• Task objective:
Use the entries below and reproduce exactly the lines from the one containing "with determinant 1);" down to the one containing "complex \<Rightarrow> complex \<Rightarrow> complex", both of them included.

• Provided records:
★ ★ ★
(* Let $w$ be a good word with word polynomial $p_w$ and let $z\in\mathbb{C}\setminus\{0\}$ be such that $\Gamma_z$ is discrete. Then $\Gamma_{p_w(z)}$ is also discrete.
   Context: $\Gamma_z=\langle \pm\begin{pmatrix}1&1\\0&1\end{pmatrix},\pm\begin{pmatrix}1&0\\ z&1\end{pmatrix}\rangle\subset PSL(2,\mathbb{C})$. For $x,y\in PSL(2,\mathbb{C})$, $\gamma(x,y)=\operatorname{tr}[x,y]-2$. A good word is a reduced word $w=a^{m_1}ba^{m_2}b\cdots ba^{m_n}$ in $\langle a,b\mid b^2=1\rangle$ with $n\ge3$ and $m_i\ne0$ for $2\le i\le n-1$; its word polynomial $p_w\in\mathbb{Z}[z]$ is the unique polynomial such that for every parabolic $f$ and every order-two elliptic $\phi$ in $PSL(2,\mathbb{C})$, $\gamma(f,w(f,\phi))=p_w(\gamma(f,\phi))$, where $w(f,\phi)$ substitutes $a=f$, $b=\phi$. *)

theory Defs
  imports "HOL-Analysis.Analysis" "HOL-Computational_Algebra.Polynomial"
begin

text \<open>Elements of PSL(2,C) are represented by matrices in SL(2,C) (type complex^2^2
  with determinant 1); every notion below is invariant under A \<mapsto> -A.\<close>

type_synonym cmat = "complex^2^2"

definition mat2 :: "complex \<Rightarrow> complex \<Rightarrow> complex \<Rightarrow> complex \<Rightarrow> cmat" where
  "mat2 a b c d = vector [vector [a, b], vector [c, d]]"

definition in_SL2 :: "cmat \<Rightarrow> bool" where
  "in_SL2 A \<longleftrightarrow> det A = 1"

definition zpow :: "cmat \<Rightarrow> int \<Rightarrow> cmat" where
  "zpow A m = (if 0 \<le> m then ((\<lambda>X. X ** A) ^^ nat m) (mat 1)
               else ((\<lambda>X. X ** matrix_inv A) ^^ nat (- m)) (mat 1))"

definition gam :: "cmat \<Rightarrow> cmat \<Rightarrow> complex" where
  "gam x y = trace (x ** y ** matrix_inv x ** matrix_inv y) - 2"

definition parabolic :: "cmat \<Rightarrow> bool" where
  "parabolic A \<longleftrightarrow> in_SL2 A \<and> A \<noteq> mat 1 \<and> A \<noteq> - mat 1 \<and> (trace A)\<^sup>2 = 4"

text \<open>Elliptic element of order two in PSL(2,C): trace 0 (equivalently A^2 = -I in SL(2,C)).\<close>
definition elliptic_order_two :: "cmat \<Rightarrow> bool" where
  "elliptic_order_two A \<longleftrightarrow> in_SL2 A \<and> trace A = 0"

text \<open>A word a^{m_1} b a^{m_2} b \<dots> b a^{m_n} is encoded by the list [m_1,\<dots>,m_n].\<close>
definition good_word :: "int list \<Rightarrow> bool" where
  "good_word ms \<longleftrightarrow> length ms \<ge> 3 \<and> (\<forall>i. 1 \<le> i \<and> i < length ms - 1 \<longrightarrow> ms ! i \<noteq> 0)"

fun word_eval :: "int list \<Rightarrow> cmat \<Rightarrow> cmat \<Rightarrow> cmat" where
  "word_eval [] f \<phi> = mat 1"
| "word_eval [m] f \<phi> = zpow f m"
| "word_eval (m # m' # ms) f \<phi> = zpow f m ** \<phi> ** word_eval (m' # ms) f \<phi>"

definition is_word_poly :: "int list \<Rightarrow> int poly \<Rightarrow> bool" where
  "is_word_poly w p \<longleftrightarrow>
     (\<forall>f \<phi>. parabolic f \<and> elliptic_order_two \<phi> \<longrightarrow>
        gam f (word_eval w f \<phi>) = poly (map_poly of_int p) (gam f \<phi>))"

inductive_set gen_group :: "cmat set \<Rightarrow> cmat set" for S where
  one: "mat 1 \<in> gen_group S"
| mul: "g \<in> gen_group S \<Longrightarrow> s \<in> S \<Longrightarrow> g ** s \<in> gen_group S"
| mul_inv: "g \<in> gen_group S \<Longrightarrow> s \<in> S \<Longrightarrow> g ** matrix_inv s \<in> gen_group S"

text \<open>Preimage in SL(2,C) of Gamma_z = < \<pm>[1 1;0 1], \<pm>[1 0; z 1] > \<subseteq> PSL(2,C).\<close>
definition Gamma_grp :: "complex \<Rightarrow> cmat set" where
  "Gamma_grp z = gen_group {mat2 1 1 0 1, mat2 1 0 z 1, - mat 1}"

text \<open>Discrete subset (every point isolated).  The preimage in SL(2,C) of a subgroup of
  PSL(2,C) is discrete iff the subgroup is discrete in PSL(2,C) (2-fold covering).\<close>
definition discrete_set :: "cmat set \<Rightarrow> bool" where
  "discrete_set G \<longleftrightarrow> (\<forall>g\<in>G. \<exists>e>0. \<forall>h\<in>G. h \<noteq> g \<longrightarrow> e \<le> dist h g)"

end

theory Submission
  imports Defs
begin

text \<open>Choose c with c^2 = z and put f = [1 1; 0 1], \<phi> = [0 -1/c; c 0]. Then \<phi> is an
  order-two elliptic with \<gamma>(f,\<phi>) = z, and both f and \<phi> normalise \<Gamma>_z (conjugation by \<phi>
  swaps the two parabolic generators up to inversion). Hence W = w(f,\<phi>) normalises \<Gamma>_z, and
  writing W = [a b; c' d] we get p_w(z) = \<gamma>(f,W) = c'^2. The element W f^-1 W^-1 of \<Gamma>_z is
  the conjugate of [1 0; c'^2 1] by the translation [1 a/c'; 0 1], which fixes f, so this
  translation conjugates \<Gamma>_{p_w(z)} into \<Gamma>_z, and discreteness passes to it. Goodness of w
  only matters for the existence of p_w, which is assumed here.\<close>

lemma mat2_nth [simp]:
  "mat2 a b c d $ 1 $ 1 = a" "mat2 a b c d $ 1 $ 2 = b"
  "mat2 a b c d $ 2 $ 1 = c" "mat2 a b c d $ 2 $ 2 = d"
  by (simp_all add: mat2_def)

lemma cmat_eq_iff:
  "(A::cmat) = B \<longleftrightarrow> A$1$1 = B$1$1 \<and> A$1$2 = B$1$2 \<and> A$2$1 = B$2$1 \<and> A$2$2 = B$2$2"
  by (auto simp: vec_eq_iff forall_2)

lemma cmat_cases:
  obtains a b c d where "(A::cmat) = mat2 a b c d"
  by (metis cmat_eq_iff mat2_nth)

lemma mat2_eq_iff [simp]:
  "mat2 a b c d = mat2 a' b' c' d' \<longleftrightarrow> a = a' \<and> b = b' \<and> c = c' \<and> d = d'"
  by (simp add: cmat_eq_iff)

lemma mat2_mult [simp]:
  "mat2 a b c d ** mat2 e f g h = mat2 (a*e + b*g) (a*f + b*h) (c*e + d*g) (c*f + d*h)"
  by (simp add: cmat_eq_iff matrix_matrix_mult_def sum_2)

lemma mat1_eq_mat2: "(mat 1 :: cmat) = mat2 1 0 0 1"
  by (simp add: cmat_eq_iff mat_def)

lemma uminus_mat2 [simp]: "- mat2 a b c d = mat2 (-a) (-b) (-c) (-d)"
  by (simp add: cmat_eq_iff)

lemma det_mat2 [simp]: "det (mat2 a b c d) = a*d - b*c"
  by (simp add: det_2)

lemma trace_mat2 [simp]: "trace (mat2 a b c d) = a + d"
  by (simp add: trace_def sum_2)

lemma matrix_inv_inverse:
  assumes "invertible A"
  shows "A ** matrix_inv A = mat 1" "matrix_inv A ** A = mat 1"
  using someI_ex[OF assms[unfolded invertible_def]] by (simp_all add: matrix_inv_def)

lemma matrix_inv_unique:
  assumes "A ** B = mat 1" "B ** A = mat 1"
  shows "matrix_inv A = B"
proof -
  have "invertible A" using assms unfolding invertible_def by blast
  then have "matrix_inv A = (matrix_inv A ** A) ** B"
    using assms(1) by (metis matrix_mul_assoc matrix_mul_rid)
  then show ?thesis using \<open>invertible A\<close> by (simp add: matrix_inv_inverse)
qed

lemma matrix_inv_mult:
  fixes A B :: "'a::semiring_1^'n^'n"
  assumes "invertible A" "invertible B"
  shows "matrix_inv (A ** B) = matrix_inv B ** matrix_inv A"
proof (rule matrix_inv_unique)
  show "A ** B ** (matrix_inv B ** matrix_inv A) = mat 1"
    by (metis assms matrix_inv_inverse(1) matrix_mul_assoc matrix_mul_rid)
  show "matrix_inv B ** matrix_inv A ** (A ** B) = mat 1"
    by (metis assms matrix_inv_inverse(2) matrix_mul_assoc matrix_mul_lid)
qed

lemma matrix_inv_mat2:
  "a*d - b*c = 1 \<Longrightarrow> matrix_inv (mat2 a b c d) = mat2 d (-b) (-c) a"
  by (rule matrix_inv_unique) (simp_all add: mat1_eq_mat2 algebra_simps)

lemma matrix_inv_mat1: "matrix_inv (mat 1 :: cmat) = mat 1"
  by (rule matrix_inv_unique) simp_all

lemma invertible_SL2: "det (A::cmat) = 1 \<Longrightarrow> invertible A"
  by (simp add: invertible_det_nz)

lemma neg_mat1_commute: "(- mat 1) ** (A::cmat) = A ** (- mat 1)"
  by (simp add: cmat_eq_iff matrix_matrix_mult_def sum_2 mat_def)

lemma gam_translation:
  "a*d - b*c = 1 \<Longrightarrow> gam (mat2 1 1 0 1) (mat2 a b c d) = c\<^sup>2"
  by (simp add: gam_def matrix_inv_mat2 power2_eq_square algebra_simps)

lemma gen_group_mult:
  assumes "x \<in> gen_group S" "y \<in> gen_group S"
  shows "x ** y \<in> gen_group S"
  using assms(2)
proof induction
  case one
  then show ?case using assms(1) by simp
next
  case (mul g s)
  then show ?case by (metis gen_group.mul matrix_mul_assoc)
next
  case (mul_inv g s)
  then show ?case by (metis gen_group.mul_inv matrix_mul_assoc)
qed

lemma gen_group_generator:
  assumes "s \<in> S"
  shows "s \<in> gen_group S" "matrix_inv s \<in> gen_group S"
  using gen_group.mul[OF gen_group.one assms] gen_group.mul_inv[OF gen_group.one assms] by simp_all

lemma gen_group_conj:
  assumes "x \<in> gen_group S" and "Minv ** M = mat 1" "M ** Minv = mat 1"
    and "\<And>s. s \<in> S \<Longrightarrow> M ** s ** Minv \<in> gen_group T"
    and "\<And>s. s \<in> S \<Longrightarrow> M ** matrix_inv s ** Minv \<in> gen_group T"
  shows "M ** x ** Minv \<in> gen_group T"
  using assms(1)
proof induction
  case one
  then show ?case using assms(3) by (simp add: gen_group.one)
next
  case (mul g s)
  have "M ** (g ** s) ** Minv = (M ** g ** Minv) ** (M ** s ** Minv)"
    by (metis assms(2) matrix_mul_assoc matrix_mul_lid)
  then show ?case using mul assms(4) by (simp add: gen_group_mult)
next
  case (mul_inv g s)
  have "M ** (g ** matrix_inv s) ** Minv = (M ** g ** Minv) ** (M ** matrix_inv s ** Minv)"
    by (metis assms(2) matrix_mul_assoc matrix_mul_lid)
  then show ?case using mul_inv assms(5) by (simp add: gen_group_mult)
qed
★ ★ ★
• Task solution:
  with determinant 1); every notion below is invariant under A \<mapsto> -A.\<close>

type_synonym cmat = "complex^2^2"

definition mat2 :: "complex \<Rightarrow> complex \<Rightarrow> complex \<Rightarrow> complex \<Rightarrow> cmat" where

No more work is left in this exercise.